• **REQUIRED ACTION**: Look below for the line holding "(transpose A *v" and the line holding "y)\<^sup>2 = (A". Repeat those two and everything between, exactly.
*** DATASET RECORDS ***
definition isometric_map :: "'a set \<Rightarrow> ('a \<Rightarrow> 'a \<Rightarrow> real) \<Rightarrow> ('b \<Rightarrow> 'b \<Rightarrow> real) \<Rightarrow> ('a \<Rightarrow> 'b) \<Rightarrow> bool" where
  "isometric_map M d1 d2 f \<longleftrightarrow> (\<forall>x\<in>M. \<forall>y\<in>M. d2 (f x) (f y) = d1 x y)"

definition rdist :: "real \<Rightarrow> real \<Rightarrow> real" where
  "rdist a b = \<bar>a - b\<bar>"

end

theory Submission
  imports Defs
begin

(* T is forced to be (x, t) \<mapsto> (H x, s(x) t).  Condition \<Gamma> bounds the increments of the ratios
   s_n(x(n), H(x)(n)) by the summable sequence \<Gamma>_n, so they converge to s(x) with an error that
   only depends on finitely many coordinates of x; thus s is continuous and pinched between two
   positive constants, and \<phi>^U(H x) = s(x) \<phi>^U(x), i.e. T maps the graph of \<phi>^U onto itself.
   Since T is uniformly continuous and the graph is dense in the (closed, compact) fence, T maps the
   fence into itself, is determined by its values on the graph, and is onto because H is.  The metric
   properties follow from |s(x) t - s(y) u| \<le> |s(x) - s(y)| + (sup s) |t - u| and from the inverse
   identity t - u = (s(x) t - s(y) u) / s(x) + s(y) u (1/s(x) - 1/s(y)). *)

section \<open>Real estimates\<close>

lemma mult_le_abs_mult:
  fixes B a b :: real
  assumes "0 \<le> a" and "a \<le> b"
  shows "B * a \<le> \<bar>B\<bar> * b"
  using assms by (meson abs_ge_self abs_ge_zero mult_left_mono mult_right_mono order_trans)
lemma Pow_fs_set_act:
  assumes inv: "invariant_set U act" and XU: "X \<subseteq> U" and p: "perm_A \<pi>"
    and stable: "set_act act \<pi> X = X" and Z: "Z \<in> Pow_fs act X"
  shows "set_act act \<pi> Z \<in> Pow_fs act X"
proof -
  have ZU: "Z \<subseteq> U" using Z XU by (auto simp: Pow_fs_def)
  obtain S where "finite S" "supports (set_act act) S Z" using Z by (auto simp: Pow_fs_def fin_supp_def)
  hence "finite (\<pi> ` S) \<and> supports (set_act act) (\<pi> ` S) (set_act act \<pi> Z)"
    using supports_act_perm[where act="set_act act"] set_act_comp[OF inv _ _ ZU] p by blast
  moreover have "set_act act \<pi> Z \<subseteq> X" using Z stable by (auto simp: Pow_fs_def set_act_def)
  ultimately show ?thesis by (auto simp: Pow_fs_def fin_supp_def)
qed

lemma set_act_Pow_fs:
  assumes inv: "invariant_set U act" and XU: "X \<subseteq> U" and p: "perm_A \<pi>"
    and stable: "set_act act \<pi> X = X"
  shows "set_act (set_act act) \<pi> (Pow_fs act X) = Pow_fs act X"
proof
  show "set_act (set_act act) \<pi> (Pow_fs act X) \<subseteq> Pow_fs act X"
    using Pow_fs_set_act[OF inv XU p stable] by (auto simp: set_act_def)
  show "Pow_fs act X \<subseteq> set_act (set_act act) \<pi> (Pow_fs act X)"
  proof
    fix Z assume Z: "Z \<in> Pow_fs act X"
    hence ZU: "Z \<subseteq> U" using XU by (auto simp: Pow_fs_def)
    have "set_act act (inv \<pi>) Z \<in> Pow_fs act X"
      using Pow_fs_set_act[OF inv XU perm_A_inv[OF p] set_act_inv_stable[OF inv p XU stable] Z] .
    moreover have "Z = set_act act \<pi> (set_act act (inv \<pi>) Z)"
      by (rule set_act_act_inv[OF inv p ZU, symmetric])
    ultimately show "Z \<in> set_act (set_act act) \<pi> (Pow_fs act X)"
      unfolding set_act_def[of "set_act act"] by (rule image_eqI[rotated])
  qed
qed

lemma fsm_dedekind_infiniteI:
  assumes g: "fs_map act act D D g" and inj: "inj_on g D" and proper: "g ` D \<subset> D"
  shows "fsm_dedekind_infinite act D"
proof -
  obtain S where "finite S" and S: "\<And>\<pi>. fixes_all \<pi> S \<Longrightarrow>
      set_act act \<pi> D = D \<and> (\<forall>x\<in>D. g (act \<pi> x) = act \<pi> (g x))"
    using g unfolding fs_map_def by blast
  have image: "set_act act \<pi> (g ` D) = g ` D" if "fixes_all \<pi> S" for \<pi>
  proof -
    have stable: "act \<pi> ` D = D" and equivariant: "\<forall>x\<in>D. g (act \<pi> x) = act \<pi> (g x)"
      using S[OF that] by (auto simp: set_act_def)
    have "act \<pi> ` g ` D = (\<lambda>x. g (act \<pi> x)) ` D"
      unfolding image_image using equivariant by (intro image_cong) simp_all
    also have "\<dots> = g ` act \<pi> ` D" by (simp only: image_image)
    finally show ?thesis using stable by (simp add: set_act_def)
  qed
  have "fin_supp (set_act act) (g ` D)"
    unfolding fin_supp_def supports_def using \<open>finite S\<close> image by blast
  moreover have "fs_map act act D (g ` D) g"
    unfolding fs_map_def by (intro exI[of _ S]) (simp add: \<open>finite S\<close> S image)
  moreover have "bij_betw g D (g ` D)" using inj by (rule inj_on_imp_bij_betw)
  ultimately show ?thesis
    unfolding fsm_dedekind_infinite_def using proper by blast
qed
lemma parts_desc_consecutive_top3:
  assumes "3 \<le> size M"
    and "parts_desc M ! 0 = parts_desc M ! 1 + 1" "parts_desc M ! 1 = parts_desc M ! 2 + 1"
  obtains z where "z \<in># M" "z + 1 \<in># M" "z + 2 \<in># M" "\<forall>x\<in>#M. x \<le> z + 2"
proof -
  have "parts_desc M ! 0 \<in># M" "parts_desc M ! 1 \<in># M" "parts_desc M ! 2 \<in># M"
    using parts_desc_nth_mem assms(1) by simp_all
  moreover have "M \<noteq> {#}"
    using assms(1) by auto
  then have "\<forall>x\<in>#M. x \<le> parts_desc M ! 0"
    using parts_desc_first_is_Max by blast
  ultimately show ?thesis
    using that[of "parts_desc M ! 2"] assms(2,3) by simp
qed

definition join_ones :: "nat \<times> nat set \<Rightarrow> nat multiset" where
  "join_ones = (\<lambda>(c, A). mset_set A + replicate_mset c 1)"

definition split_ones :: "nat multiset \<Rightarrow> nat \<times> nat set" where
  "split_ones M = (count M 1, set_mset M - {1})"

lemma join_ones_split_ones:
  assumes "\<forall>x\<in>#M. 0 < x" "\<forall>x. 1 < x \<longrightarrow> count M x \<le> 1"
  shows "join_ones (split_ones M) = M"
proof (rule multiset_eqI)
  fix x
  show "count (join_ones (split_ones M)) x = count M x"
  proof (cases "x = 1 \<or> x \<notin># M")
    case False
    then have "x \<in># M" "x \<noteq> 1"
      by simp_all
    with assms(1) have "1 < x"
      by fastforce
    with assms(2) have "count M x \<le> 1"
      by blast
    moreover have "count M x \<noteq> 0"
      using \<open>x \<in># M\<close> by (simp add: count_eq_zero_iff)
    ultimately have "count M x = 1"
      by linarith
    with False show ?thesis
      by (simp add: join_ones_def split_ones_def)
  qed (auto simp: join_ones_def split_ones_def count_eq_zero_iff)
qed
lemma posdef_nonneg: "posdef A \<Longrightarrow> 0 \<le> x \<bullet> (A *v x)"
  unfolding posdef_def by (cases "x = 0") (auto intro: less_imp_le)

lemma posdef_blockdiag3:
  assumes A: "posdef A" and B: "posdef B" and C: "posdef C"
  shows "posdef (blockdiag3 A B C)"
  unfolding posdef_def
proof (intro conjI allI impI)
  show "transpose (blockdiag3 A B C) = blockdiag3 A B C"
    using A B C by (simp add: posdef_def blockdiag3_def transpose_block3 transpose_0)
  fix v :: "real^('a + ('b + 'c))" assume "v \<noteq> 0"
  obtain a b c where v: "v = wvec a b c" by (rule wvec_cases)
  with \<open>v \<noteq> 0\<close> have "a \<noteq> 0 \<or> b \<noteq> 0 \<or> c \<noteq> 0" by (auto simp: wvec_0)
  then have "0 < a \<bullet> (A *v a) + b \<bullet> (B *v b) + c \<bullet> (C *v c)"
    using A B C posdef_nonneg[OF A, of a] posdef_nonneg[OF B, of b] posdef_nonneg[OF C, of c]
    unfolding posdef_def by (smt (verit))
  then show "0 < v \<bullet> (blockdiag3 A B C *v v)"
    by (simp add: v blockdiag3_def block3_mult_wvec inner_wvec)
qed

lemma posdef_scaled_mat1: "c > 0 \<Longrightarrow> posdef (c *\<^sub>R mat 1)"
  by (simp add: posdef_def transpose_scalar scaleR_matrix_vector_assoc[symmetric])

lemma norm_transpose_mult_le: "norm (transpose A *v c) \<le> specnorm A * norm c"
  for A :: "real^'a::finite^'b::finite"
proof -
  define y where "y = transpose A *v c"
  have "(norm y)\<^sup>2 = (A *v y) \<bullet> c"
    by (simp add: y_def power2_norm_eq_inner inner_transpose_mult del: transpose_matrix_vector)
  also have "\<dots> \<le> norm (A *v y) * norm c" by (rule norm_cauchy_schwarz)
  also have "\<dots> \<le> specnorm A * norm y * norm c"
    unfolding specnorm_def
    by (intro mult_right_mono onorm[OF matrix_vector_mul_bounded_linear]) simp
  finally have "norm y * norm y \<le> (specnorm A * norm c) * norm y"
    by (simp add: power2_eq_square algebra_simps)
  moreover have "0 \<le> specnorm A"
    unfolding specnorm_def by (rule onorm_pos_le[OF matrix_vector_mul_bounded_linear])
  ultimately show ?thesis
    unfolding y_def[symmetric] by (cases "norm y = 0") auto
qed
*** End of DATASET RECORDS ***
*** DATASET RECORDS ***
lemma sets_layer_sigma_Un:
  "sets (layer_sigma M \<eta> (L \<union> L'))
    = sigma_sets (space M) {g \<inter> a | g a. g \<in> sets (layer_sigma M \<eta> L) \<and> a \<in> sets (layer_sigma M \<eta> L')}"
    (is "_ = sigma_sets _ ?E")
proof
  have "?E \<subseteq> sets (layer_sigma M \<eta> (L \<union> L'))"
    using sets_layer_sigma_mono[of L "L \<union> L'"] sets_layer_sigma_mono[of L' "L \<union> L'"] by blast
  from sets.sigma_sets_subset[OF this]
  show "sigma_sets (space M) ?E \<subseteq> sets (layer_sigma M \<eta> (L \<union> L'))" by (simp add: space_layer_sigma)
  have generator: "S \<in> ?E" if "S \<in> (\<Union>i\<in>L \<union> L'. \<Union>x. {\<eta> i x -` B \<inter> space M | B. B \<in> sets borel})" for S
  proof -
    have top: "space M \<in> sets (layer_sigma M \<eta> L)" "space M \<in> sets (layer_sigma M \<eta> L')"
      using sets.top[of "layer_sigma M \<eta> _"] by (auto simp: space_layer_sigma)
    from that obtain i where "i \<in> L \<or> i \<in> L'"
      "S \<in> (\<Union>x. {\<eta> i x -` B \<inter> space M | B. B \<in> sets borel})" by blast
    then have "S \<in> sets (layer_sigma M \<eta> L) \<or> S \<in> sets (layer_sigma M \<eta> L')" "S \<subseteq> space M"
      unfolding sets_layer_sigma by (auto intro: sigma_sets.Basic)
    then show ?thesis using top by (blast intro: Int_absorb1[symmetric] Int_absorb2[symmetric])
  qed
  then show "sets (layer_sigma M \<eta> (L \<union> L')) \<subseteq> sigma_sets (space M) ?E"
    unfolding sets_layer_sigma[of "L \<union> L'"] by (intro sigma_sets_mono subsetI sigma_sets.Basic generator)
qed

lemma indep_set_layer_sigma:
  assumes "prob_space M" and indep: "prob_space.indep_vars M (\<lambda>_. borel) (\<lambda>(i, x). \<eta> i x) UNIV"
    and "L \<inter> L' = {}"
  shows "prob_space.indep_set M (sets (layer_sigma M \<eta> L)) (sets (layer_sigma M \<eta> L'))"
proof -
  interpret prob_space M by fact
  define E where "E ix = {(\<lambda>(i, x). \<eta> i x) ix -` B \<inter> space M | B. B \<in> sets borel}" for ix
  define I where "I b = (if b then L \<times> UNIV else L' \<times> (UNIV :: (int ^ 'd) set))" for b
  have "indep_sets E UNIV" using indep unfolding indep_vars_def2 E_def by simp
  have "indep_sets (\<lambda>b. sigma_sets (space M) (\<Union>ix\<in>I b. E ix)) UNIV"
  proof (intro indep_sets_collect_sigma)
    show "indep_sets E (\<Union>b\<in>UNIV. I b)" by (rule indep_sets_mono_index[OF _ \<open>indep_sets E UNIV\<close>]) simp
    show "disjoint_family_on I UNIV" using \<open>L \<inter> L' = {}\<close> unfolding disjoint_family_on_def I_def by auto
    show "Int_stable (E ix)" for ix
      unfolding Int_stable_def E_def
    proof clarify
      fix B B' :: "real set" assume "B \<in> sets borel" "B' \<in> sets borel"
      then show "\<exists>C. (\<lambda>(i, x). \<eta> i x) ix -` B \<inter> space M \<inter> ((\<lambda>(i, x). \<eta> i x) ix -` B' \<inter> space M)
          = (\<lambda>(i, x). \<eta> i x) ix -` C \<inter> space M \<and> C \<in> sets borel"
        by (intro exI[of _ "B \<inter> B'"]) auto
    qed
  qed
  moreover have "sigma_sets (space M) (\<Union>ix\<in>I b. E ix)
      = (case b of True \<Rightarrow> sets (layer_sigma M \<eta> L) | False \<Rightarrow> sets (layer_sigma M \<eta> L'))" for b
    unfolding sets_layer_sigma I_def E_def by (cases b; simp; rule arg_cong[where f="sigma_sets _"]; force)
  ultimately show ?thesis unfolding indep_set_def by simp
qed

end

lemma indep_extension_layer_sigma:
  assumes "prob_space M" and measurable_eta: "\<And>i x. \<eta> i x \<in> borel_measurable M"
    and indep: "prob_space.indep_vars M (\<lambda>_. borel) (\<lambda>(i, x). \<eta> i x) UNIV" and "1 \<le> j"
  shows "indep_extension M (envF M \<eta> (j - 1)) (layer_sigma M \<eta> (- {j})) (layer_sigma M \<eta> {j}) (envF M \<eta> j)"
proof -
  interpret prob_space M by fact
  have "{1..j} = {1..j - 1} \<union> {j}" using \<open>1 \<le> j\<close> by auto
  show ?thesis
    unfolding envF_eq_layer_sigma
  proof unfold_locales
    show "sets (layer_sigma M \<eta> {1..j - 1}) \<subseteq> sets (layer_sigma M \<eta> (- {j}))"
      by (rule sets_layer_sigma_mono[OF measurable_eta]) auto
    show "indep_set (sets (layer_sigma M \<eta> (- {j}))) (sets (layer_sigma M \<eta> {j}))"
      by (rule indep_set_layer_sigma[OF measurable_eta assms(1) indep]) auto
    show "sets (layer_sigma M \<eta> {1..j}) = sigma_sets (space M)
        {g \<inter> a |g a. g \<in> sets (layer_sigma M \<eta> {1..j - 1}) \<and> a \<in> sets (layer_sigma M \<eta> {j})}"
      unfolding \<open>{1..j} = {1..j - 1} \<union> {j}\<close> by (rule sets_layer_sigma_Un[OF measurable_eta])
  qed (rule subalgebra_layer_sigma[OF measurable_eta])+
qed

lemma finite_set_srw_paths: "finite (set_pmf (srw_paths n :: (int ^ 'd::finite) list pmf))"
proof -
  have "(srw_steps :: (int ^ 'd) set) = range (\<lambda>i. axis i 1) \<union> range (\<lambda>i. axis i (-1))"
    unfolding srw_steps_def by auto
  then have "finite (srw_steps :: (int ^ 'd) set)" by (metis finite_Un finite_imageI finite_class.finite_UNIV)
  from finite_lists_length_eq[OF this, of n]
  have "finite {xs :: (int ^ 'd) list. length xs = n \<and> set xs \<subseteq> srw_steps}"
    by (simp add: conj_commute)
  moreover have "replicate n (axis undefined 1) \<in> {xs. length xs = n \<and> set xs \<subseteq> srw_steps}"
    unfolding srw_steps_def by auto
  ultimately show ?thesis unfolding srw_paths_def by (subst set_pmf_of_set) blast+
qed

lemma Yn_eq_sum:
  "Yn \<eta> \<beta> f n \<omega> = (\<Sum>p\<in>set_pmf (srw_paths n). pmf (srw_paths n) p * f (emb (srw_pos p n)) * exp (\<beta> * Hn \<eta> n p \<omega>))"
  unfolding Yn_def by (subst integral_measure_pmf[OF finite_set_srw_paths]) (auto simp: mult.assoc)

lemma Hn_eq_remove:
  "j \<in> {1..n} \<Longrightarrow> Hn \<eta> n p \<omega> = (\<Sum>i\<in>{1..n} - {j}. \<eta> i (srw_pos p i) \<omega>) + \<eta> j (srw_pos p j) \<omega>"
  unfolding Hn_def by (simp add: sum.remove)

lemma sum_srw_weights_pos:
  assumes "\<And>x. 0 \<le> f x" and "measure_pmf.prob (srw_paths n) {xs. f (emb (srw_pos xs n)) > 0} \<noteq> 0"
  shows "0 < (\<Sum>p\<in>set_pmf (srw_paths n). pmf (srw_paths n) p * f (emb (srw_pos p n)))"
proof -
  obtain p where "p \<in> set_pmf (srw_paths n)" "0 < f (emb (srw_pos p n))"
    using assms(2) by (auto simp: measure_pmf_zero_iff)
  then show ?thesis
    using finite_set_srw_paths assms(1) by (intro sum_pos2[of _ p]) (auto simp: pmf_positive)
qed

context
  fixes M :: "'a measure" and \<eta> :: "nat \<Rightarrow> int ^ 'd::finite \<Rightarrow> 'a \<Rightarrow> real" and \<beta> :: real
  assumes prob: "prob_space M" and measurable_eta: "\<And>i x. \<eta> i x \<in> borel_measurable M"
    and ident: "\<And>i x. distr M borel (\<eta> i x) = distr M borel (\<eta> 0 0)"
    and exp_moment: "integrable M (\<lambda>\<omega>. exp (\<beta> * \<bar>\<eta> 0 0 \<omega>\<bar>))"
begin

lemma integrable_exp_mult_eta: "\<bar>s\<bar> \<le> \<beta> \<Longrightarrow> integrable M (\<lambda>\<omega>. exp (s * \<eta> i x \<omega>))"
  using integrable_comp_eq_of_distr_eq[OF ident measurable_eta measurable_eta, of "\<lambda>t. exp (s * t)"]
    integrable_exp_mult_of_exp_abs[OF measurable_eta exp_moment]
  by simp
*** End of DATASET RECORDS ***
• **ANSWER SPACE**:
lemma norm_transpose_mult_le: "norm (transpose A *v c) \<le> specnorm A * norm c"
  for A :: "real^'a::finite^'b::finite"
proof -
  define y where "y = transpose A *v c"
  have "(norm y)\<^sup>2 = (A *v y) \<bullet> c"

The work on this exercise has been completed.